Copy every line below that has the word "dominates" in it.

───

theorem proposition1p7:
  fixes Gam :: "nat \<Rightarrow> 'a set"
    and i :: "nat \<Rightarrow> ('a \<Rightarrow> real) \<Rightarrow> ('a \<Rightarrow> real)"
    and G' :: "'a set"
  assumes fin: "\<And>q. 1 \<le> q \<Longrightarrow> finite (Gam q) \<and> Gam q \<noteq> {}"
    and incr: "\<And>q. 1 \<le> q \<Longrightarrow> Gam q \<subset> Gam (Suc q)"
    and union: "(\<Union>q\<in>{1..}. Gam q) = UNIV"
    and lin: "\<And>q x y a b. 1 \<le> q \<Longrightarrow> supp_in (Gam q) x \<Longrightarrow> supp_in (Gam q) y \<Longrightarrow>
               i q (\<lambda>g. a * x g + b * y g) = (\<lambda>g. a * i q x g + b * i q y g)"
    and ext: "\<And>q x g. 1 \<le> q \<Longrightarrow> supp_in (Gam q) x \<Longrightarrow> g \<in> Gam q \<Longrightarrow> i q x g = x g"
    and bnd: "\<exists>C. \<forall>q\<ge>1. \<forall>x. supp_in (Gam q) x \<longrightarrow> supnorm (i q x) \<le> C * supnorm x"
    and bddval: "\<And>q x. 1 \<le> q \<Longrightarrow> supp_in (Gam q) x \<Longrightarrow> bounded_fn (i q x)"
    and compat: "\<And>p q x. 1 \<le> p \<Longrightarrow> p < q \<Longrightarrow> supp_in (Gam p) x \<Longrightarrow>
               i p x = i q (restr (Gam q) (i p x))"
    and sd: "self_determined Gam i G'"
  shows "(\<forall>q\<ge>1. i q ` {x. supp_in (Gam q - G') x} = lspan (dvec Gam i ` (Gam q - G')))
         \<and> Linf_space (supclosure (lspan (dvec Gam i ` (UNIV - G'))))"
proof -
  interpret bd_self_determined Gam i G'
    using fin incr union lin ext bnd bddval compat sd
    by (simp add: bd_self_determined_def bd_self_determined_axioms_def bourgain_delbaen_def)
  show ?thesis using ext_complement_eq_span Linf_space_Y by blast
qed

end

───

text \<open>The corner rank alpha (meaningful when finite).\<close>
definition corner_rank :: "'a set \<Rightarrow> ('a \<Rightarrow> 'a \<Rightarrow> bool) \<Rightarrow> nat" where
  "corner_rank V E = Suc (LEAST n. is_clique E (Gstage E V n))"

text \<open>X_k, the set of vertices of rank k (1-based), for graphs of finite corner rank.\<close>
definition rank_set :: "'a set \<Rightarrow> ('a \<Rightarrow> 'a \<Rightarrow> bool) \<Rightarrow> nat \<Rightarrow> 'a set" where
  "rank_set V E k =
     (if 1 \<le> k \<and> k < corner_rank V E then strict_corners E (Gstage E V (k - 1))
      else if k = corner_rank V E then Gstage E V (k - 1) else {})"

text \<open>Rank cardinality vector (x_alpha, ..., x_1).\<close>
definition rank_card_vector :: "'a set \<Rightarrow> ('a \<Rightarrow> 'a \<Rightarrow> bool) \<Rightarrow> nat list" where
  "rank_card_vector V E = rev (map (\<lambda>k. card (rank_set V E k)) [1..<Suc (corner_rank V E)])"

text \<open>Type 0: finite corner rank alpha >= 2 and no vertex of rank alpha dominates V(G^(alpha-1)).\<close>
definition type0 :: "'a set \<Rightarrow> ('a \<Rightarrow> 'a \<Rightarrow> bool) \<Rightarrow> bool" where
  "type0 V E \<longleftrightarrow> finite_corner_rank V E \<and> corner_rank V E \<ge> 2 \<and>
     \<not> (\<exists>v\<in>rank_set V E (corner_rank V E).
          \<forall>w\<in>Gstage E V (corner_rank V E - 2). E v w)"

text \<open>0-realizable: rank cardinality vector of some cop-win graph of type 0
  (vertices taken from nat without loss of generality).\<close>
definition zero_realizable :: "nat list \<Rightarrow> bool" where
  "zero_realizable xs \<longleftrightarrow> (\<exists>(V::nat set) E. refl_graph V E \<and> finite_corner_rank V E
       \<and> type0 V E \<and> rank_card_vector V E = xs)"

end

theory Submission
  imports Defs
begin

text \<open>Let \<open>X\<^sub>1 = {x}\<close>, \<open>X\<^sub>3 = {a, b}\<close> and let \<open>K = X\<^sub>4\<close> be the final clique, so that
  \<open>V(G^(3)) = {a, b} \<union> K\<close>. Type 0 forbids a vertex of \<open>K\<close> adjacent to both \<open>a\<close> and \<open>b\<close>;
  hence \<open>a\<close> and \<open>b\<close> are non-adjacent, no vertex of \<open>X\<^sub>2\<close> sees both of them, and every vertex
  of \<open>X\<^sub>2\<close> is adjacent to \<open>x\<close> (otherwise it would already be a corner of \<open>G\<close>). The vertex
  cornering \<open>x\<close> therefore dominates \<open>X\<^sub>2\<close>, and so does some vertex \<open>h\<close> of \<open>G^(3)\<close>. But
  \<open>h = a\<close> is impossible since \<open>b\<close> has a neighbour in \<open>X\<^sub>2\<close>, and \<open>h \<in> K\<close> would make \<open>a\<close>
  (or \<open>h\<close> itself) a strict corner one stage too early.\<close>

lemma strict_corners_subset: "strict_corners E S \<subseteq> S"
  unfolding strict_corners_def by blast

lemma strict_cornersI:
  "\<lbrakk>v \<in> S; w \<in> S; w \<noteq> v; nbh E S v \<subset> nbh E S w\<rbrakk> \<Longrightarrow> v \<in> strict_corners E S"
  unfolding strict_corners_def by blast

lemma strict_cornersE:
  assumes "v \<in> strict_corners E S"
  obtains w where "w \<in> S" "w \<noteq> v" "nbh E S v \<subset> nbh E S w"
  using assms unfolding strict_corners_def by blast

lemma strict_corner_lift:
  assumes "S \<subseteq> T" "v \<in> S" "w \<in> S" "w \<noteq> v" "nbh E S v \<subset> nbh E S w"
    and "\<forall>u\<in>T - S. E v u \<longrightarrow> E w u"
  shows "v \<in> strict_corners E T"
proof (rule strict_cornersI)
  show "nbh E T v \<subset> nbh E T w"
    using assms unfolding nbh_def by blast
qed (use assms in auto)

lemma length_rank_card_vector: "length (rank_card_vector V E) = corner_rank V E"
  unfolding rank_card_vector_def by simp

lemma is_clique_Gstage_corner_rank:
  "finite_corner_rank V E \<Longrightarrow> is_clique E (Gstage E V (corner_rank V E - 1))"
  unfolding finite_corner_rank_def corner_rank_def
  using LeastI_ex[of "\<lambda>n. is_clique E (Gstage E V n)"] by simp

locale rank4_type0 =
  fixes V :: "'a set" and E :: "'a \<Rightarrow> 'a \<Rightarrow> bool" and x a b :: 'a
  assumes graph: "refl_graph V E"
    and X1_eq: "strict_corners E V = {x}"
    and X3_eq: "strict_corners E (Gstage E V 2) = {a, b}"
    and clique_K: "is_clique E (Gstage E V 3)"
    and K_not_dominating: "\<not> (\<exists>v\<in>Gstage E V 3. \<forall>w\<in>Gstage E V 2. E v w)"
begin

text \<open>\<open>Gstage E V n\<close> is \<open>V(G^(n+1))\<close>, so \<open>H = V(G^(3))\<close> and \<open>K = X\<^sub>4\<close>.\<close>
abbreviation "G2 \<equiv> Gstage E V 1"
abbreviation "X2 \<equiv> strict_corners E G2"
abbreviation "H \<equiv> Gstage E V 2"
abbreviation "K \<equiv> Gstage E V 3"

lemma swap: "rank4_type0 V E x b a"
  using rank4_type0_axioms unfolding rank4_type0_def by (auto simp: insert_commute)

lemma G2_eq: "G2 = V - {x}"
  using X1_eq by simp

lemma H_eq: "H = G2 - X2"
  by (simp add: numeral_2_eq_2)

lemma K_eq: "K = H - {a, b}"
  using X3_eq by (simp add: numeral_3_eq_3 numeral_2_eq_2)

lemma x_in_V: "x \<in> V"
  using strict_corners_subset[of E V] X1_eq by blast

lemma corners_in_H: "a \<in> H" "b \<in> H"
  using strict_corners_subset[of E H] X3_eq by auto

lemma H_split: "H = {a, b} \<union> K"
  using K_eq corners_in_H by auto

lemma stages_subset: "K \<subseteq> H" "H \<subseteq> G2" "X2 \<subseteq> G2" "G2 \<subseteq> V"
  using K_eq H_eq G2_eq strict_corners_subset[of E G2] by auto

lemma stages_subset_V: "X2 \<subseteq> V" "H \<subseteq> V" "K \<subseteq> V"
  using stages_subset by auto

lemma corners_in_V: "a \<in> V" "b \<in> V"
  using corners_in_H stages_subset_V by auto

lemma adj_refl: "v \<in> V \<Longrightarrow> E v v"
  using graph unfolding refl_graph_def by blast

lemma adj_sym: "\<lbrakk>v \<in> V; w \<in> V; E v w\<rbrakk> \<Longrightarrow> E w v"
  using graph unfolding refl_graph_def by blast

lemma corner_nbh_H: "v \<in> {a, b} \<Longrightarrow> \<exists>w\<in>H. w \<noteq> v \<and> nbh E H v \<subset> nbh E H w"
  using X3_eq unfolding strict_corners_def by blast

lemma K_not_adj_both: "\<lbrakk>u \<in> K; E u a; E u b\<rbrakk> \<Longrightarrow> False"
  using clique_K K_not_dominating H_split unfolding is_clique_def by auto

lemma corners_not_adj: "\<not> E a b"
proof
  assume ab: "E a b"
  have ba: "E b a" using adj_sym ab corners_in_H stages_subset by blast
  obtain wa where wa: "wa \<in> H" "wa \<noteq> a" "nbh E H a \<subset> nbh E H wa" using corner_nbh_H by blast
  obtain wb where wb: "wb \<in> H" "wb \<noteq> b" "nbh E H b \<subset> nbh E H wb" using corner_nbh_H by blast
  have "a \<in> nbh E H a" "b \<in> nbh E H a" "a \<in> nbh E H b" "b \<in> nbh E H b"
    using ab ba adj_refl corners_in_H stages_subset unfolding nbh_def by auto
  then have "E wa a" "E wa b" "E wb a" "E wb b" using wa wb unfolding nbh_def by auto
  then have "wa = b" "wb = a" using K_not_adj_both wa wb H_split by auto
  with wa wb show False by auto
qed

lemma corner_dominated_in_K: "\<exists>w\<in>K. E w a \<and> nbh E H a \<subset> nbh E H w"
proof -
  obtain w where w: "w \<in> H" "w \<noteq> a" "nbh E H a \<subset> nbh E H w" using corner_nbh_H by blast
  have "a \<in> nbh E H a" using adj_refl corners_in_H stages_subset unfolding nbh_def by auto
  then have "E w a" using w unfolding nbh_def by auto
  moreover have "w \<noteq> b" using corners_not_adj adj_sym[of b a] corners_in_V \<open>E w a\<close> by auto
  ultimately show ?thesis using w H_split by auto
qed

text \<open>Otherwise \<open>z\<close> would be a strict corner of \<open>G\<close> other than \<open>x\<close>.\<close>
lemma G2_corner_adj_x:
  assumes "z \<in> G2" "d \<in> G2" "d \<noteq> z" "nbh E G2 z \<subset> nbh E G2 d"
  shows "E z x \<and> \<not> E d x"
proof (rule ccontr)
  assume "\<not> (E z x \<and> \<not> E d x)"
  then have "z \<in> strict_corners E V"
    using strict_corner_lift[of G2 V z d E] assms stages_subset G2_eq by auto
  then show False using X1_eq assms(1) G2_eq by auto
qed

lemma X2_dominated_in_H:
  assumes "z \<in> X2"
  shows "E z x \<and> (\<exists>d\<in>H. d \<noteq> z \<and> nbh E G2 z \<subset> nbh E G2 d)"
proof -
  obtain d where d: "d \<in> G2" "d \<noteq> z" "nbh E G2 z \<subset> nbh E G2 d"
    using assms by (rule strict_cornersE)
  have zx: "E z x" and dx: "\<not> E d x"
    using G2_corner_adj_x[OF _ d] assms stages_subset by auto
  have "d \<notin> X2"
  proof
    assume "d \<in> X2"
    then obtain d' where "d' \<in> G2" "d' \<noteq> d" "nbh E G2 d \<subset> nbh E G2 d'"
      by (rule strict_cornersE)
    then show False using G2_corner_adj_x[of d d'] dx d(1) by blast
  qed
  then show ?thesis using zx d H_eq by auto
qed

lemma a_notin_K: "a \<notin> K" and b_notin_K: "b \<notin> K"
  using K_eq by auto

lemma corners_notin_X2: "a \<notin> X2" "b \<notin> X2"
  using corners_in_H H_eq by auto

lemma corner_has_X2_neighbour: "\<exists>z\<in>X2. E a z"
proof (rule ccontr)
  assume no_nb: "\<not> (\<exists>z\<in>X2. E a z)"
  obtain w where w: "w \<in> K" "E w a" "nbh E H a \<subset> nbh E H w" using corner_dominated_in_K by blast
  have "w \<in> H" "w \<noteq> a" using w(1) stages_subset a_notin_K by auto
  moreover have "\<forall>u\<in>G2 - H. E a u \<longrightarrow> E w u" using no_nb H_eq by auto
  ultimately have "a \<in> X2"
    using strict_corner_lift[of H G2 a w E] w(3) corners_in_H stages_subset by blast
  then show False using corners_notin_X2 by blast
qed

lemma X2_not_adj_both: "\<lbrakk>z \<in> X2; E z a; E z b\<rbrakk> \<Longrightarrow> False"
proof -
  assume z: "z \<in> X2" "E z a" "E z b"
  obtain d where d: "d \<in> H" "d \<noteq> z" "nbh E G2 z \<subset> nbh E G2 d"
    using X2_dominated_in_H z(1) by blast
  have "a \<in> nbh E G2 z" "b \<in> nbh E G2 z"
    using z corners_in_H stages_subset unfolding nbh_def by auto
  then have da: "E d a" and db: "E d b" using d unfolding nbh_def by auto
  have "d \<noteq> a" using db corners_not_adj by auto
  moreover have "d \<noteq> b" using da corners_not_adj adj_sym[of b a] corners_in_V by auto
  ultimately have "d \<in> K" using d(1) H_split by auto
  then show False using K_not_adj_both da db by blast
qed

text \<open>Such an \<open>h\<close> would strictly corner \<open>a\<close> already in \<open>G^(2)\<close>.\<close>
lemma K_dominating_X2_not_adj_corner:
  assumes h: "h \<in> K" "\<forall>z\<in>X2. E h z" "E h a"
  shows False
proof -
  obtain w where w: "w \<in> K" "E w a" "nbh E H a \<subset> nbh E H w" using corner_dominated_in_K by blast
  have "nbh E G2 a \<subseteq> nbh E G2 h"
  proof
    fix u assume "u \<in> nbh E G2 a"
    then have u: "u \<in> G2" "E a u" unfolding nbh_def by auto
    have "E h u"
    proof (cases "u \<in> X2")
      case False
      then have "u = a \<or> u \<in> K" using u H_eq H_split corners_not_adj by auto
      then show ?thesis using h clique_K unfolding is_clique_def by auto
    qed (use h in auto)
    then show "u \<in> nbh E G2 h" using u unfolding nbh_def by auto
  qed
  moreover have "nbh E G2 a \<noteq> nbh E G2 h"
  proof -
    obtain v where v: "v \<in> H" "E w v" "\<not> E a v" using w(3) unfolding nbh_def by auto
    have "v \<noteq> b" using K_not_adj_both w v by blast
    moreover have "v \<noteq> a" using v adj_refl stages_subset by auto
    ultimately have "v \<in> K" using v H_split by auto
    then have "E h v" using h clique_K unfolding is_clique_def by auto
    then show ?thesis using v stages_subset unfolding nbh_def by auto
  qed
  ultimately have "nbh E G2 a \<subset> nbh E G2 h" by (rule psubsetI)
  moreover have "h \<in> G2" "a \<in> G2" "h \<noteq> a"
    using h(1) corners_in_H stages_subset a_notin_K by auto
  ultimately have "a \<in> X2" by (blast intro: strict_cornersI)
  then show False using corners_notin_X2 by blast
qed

───

**Written answer**:
text \<open>Type 0: finite corner rank alpha >= 2 and no vertex of rank alpha dominates V(G^(alpha-1)).\<close>
  cornering \<open>x\<close> therefore dominates \<open>X\<^sub>2\<close>, and so does some vertex \<open>h\<close> of \<open>G^(3)\<close>. But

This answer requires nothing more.